= What you should do =
In the records below, find the line with "unfolding Suc[folded T_def" and the line with "k = ((fps_deriv". Print both exactly, along with every line between them, and no other line.

(Stored data entries)
* * * *

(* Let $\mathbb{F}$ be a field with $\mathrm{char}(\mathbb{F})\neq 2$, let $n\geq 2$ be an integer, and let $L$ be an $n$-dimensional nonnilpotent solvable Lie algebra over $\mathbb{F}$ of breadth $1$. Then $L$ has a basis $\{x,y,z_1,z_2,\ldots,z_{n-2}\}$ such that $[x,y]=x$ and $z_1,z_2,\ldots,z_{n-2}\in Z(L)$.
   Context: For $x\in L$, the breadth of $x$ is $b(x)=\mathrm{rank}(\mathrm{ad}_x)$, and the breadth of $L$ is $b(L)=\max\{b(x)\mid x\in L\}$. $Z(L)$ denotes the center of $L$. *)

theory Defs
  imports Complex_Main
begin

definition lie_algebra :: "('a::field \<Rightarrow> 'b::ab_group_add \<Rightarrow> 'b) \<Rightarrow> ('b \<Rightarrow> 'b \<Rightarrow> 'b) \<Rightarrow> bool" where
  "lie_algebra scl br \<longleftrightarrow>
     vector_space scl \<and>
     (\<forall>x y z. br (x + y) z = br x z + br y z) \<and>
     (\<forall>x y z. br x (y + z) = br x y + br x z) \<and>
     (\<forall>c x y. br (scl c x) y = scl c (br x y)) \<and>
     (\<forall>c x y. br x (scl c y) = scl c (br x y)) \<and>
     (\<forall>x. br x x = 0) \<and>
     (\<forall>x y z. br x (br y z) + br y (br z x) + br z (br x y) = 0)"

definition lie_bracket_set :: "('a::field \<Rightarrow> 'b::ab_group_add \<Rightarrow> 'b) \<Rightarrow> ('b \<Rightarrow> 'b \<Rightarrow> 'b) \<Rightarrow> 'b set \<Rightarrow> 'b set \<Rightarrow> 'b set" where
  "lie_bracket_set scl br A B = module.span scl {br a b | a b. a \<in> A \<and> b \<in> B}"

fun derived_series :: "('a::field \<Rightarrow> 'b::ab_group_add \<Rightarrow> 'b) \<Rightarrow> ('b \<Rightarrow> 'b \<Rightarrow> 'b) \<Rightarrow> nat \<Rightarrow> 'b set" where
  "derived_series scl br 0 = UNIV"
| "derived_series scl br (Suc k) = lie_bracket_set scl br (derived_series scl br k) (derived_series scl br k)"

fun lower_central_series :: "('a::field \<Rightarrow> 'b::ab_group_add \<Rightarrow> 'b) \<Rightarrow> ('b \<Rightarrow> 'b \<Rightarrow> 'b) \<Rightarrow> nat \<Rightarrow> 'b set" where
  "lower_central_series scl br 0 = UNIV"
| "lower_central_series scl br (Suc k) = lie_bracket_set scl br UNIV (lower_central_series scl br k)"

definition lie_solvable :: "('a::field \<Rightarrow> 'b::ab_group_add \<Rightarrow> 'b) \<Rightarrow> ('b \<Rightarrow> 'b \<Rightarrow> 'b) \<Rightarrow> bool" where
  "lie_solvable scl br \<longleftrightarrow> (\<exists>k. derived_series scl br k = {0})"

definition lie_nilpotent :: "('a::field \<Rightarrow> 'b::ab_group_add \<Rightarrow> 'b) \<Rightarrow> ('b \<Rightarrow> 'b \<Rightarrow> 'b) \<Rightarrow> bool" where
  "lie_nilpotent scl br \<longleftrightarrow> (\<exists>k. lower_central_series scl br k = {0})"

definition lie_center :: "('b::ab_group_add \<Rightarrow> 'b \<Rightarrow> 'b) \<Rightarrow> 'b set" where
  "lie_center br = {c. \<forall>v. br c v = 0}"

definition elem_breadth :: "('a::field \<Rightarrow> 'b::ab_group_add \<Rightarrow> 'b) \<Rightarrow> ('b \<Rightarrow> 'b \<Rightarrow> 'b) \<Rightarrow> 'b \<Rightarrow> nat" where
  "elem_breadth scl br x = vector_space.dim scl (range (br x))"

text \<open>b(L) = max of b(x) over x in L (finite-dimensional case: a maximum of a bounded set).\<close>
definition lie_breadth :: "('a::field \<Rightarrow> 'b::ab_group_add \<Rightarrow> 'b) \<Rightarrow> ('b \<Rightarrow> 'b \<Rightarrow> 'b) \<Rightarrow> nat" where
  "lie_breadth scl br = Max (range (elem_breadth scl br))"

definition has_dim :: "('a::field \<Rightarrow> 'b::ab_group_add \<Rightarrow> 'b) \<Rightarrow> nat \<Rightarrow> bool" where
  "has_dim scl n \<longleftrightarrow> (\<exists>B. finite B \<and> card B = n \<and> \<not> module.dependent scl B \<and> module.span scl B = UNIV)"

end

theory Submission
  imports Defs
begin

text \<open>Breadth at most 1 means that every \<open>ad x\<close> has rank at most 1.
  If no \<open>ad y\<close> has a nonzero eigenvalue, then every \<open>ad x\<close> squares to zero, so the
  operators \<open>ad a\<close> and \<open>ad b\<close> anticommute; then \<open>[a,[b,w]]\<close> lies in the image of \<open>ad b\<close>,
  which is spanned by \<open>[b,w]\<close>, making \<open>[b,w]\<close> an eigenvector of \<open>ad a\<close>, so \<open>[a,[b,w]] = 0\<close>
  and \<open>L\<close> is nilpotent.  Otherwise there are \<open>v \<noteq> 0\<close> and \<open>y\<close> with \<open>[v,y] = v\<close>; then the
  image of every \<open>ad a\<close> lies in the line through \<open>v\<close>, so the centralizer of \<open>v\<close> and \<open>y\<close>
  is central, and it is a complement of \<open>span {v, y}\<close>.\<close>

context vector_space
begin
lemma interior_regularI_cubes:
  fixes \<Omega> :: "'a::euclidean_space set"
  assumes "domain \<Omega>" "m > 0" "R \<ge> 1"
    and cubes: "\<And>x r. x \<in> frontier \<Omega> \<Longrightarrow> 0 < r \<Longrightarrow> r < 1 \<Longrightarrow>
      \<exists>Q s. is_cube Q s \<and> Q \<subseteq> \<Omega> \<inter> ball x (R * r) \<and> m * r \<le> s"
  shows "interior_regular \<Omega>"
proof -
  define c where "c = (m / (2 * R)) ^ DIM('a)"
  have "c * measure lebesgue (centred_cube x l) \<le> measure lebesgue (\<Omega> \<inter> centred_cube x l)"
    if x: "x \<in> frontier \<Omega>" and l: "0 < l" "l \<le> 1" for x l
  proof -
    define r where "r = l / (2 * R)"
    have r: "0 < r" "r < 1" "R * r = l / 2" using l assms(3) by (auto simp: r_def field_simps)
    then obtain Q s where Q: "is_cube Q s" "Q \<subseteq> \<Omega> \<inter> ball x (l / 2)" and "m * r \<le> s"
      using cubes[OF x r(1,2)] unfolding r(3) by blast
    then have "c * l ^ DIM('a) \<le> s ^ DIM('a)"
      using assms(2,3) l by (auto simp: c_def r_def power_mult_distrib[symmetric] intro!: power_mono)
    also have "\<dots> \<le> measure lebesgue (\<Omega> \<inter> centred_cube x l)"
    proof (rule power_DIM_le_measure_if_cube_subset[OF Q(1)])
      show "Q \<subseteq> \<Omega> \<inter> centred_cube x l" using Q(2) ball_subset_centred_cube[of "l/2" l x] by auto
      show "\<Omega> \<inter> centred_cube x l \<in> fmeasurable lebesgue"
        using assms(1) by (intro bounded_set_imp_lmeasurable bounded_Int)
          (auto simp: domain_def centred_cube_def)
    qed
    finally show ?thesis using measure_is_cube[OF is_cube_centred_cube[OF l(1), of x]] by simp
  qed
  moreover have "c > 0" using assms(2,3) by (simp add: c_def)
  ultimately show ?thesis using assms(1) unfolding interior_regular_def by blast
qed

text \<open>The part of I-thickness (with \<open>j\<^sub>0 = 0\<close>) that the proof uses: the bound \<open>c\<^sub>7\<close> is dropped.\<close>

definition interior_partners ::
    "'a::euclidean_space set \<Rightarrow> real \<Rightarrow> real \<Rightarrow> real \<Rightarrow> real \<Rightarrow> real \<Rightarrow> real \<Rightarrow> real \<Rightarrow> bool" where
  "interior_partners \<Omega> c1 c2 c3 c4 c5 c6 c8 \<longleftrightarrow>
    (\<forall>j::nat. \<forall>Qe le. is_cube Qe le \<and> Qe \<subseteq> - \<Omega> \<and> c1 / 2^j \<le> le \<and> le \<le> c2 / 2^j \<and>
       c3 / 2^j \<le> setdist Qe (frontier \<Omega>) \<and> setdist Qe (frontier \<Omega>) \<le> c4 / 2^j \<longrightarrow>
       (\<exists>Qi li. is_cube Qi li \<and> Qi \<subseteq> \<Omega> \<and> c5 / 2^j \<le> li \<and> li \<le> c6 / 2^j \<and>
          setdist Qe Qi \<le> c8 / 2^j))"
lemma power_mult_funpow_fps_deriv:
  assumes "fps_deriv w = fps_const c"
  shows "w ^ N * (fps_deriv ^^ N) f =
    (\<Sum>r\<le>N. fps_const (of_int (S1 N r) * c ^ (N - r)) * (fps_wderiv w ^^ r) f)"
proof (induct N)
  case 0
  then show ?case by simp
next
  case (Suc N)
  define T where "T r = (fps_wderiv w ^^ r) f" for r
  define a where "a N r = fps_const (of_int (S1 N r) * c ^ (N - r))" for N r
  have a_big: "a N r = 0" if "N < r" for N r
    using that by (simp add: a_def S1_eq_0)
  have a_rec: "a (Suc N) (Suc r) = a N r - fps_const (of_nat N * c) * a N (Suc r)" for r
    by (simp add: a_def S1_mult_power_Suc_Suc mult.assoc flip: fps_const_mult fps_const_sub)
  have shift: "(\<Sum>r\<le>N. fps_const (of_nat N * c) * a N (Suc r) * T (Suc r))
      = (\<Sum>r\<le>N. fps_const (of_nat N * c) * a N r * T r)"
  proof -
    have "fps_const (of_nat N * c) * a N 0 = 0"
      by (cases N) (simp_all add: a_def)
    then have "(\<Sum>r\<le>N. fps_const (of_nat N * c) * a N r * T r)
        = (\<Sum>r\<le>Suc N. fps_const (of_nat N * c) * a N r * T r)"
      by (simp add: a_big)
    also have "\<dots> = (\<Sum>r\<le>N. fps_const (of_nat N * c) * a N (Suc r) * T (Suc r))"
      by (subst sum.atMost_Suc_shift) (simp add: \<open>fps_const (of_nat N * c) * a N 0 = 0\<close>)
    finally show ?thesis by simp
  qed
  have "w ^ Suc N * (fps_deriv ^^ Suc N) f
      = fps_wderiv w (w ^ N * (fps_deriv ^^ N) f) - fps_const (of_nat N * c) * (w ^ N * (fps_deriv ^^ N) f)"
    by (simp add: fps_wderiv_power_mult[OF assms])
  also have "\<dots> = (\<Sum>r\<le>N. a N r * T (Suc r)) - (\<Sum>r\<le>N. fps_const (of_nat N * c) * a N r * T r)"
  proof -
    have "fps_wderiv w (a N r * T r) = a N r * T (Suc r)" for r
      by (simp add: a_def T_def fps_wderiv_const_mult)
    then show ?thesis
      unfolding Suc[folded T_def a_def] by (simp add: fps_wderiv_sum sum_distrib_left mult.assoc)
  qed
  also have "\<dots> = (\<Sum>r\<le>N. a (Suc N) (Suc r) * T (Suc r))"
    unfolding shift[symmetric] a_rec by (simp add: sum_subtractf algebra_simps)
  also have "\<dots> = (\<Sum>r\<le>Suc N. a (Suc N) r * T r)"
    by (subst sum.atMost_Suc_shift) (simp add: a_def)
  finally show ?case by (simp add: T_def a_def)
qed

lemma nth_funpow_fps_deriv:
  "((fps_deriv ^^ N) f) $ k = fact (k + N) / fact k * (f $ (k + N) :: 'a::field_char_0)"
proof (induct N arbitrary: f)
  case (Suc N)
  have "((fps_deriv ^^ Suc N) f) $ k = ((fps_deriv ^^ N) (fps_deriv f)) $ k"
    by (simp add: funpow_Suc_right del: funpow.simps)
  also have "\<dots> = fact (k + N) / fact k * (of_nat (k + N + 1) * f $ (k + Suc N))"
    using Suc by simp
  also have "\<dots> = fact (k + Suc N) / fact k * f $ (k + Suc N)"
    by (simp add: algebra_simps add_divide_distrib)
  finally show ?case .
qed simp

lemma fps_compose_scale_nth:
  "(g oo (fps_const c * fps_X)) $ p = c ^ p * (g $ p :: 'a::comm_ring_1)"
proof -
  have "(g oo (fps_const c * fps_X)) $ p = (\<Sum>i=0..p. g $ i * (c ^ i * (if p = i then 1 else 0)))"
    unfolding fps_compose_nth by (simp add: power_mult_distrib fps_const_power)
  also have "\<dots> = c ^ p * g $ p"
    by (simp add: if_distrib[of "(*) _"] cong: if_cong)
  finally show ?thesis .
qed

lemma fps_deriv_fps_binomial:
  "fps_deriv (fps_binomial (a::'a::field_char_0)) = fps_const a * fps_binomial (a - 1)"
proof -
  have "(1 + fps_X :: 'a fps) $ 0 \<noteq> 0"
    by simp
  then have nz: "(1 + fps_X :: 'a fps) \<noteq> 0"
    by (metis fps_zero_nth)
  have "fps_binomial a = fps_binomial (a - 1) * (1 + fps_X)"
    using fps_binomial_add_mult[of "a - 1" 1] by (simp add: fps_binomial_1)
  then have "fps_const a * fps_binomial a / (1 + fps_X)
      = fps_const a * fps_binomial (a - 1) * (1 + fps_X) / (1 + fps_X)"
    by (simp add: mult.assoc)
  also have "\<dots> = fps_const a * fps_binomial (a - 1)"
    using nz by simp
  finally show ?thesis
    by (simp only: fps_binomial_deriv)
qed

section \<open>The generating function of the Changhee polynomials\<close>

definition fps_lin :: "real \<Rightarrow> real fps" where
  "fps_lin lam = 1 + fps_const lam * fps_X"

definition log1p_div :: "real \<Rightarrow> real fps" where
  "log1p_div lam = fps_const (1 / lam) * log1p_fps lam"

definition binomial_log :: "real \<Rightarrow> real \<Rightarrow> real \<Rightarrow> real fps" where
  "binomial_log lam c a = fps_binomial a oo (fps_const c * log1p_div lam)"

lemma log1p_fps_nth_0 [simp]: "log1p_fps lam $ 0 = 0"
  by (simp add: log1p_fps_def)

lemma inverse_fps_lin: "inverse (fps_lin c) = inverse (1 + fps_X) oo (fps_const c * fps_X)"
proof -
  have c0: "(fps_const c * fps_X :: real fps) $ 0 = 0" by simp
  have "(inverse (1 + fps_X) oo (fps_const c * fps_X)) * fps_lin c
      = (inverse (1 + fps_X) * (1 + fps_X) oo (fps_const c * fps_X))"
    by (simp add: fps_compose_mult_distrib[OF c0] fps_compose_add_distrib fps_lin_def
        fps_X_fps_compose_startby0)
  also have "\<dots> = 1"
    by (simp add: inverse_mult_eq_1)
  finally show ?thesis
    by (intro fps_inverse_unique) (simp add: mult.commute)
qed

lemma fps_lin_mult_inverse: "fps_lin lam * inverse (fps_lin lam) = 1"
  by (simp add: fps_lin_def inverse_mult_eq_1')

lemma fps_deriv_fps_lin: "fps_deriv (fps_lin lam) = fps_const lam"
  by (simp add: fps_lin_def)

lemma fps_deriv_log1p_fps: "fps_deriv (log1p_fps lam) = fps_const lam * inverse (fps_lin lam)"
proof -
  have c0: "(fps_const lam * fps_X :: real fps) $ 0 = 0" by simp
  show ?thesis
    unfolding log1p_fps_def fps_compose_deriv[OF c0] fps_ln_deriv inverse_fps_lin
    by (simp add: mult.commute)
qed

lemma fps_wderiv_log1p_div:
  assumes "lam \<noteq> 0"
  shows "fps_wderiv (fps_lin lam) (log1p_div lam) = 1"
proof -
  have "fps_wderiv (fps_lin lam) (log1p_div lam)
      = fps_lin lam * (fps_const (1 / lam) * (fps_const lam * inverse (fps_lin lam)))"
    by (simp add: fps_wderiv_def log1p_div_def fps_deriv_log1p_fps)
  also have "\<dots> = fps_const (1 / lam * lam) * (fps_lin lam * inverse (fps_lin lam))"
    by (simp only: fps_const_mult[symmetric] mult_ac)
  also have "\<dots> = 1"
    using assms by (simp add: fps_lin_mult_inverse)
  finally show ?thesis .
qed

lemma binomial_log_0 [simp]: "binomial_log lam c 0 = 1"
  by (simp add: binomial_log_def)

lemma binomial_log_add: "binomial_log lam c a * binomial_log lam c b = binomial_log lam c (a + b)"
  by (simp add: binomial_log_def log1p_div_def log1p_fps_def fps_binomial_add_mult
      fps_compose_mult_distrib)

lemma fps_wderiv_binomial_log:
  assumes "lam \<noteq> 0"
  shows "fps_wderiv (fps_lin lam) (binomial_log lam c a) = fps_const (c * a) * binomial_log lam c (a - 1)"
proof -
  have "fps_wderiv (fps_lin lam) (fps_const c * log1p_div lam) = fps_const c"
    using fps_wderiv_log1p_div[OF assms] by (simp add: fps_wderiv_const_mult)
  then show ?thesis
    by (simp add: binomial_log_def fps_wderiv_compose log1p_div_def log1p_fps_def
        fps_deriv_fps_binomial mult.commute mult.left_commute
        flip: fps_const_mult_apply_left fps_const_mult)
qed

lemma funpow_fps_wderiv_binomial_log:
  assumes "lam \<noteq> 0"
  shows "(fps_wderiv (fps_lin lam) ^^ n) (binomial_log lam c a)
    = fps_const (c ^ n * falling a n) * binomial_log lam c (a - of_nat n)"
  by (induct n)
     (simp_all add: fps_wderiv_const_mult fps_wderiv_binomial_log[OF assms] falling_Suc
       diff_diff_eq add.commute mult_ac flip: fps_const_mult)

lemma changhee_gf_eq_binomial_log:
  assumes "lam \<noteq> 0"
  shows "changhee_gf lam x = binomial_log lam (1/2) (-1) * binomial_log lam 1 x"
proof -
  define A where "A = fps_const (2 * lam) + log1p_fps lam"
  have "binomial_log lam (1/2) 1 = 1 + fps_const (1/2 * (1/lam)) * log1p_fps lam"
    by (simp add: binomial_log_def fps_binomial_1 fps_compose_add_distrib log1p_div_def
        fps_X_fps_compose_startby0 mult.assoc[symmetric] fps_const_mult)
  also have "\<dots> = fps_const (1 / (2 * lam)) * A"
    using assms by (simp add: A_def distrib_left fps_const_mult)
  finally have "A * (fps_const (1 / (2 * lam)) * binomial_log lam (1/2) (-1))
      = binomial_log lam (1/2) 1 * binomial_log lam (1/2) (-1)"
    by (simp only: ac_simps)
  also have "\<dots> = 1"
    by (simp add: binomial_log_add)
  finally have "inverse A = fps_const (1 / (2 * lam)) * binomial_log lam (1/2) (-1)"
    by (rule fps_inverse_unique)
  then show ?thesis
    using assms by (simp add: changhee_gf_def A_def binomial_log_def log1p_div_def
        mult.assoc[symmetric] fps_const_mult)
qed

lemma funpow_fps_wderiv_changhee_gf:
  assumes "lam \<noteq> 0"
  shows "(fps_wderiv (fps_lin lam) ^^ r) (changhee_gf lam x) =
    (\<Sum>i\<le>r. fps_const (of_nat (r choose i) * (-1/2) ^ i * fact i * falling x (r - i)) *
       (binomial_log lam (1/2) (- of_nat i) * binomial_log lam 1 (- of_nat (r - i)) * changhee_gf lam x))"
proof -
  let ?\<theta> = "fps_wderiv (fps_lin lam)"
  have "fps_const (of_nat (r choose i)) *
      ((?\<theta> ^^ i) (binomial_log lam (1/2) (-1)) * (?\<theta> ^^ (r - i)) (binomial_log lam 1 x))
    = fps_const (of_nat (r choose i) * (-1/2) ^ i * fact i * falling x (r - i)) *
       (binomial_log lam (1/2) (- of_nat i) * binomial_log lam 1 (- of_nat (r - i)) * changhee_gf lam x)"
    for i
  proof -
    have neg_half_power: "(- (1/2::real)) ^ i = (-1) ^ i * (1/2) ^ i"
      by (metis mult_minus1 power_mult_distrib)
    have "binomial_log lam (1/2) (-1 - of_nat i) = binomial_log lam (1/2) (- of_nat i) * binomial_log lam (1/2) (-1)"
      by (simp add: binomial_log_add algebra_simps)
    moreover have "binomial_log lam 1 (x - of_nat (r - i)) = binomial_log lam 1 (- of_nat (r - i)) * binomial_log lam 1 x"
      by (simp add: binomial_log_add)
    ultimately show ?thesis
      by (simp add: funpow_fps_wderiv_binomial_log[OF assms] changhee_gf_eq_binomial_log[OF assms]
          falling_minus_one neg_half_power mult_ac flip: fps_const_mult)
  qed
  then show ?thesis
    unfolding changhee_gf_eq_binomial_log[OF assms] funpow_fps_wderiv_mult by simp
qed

* * * *

= Reply =
      unfolding Suc[folded T_def a_def] by (simp add: fps_wderiv_sum sum_distrib_left mult.assoc)
  qed
  also have "\<dots> = (\<Sum>r\<le>N. a (Suc N) (Suc r) * T (Suc r))"
    unfolding shift[symmetric] a_rec by (simp add: sum_subtractf algebra_simps)
  also have "\<dots> = (\<Sum>r\<le>Suc N. a (Suc N) r * T r)"
    by (subst sum.atMost_Suc_shift) (simp add: a_def)
  finally show ?case by (simp add: T_def a_def)
qed

lemma nth_funpow_fps_deriv:
  "((fps_deriv ^^ N) f) $ k = fact (k + N) / fact k * (f $ (k + N) :: 'a::field_char_0)"
proof (induct N arbitrary: f)
  case (Suc N)
  have "((fps_deriv ^^ Suc N) f) $ k = ((fps_deriv ^^ N) (fps_deriv f)) $ k"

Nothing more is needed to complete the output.